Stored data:
------------------------------------------------------------------------

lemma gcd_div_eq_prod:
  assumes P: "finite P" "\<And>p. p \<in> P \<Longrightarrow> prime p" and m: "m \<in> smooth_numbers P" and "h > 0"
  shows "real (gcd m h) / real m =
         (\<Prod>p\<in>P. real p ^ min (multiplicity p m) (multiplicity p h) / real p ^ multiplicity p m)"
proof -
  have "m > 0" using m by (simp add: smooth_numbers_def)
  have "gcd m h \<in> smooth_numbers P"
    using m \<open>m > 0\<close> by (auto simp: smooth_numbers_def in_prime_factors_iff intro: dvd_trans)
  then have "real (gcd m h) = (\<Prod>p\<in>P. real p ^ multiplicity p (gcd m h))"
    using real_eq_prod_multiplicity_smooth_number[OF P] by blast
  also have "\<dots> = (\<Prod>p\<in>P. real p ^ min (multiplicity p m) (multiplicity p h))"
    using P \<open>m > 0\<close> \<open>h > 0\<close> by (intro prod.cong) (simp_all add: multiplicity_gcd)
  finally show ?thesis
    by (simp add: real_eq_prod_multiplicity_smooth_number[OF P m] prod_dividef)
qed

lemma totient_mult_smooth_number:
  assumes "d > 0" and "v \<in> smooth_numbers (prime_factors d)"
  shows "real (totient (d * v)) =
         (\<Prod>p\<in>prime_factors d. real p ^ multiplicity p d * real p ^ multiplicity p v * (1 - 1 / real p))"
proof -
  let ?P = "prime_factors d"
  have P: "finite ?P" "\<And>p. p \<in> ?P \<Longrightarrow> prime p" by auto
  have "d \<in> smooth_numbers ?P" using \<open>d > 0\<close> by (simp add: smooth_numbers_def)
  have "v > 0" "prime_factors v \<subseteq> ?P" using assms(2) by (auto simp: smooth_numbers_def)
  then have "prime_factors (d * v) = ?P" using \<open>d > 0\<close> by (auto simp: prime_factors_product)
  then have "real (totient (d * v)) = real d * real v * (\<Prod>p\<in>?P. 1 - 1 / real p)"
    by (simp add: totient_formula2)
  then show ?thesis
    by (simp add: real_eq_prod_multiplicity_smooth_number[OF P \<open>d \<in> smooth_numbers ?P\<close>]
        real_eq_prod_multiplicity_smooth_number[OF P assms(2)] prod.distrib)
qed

------------------------------------------------------------------------

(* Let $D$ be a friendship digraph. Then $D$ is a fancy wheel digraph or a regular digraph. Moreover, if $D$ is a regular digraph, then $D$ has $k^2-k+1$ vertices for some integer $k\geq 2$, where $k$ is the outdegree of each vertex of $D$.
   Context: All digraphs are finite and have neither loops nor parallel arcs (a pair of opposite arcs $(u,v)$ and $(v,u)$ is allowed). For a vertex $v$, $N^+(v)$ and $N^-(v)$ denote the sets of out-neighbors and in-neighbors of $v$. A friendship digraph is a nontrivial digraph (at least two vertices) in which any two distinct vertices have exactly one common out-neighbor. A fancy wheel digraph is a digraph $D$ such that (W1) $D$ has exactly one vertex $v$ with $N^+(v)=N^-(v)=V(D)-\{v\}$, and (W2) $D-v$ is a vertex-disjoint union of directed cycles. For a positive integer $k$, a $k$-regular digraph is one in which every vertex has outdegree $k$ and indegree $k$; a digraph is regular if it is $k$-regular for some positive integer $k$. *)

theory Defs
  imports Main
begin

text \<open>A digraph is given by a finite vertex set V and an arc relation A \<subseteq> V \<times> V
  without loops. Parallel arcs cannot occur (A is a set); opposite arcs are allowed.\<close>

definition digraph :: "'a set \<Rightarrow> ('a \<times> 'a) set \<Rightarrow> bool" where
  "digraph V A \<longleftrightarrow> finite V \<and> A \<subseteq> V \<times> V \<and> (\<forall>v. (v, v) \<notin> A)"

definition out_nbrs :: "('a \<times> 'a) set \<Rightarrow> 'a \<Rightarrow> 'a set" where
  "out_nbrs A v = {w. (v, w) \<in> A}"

------------------------------------------------------------------------

• _Task objective_: Only a number is wanted here: the count of lines above that contain the word "times".

• _Result_: 4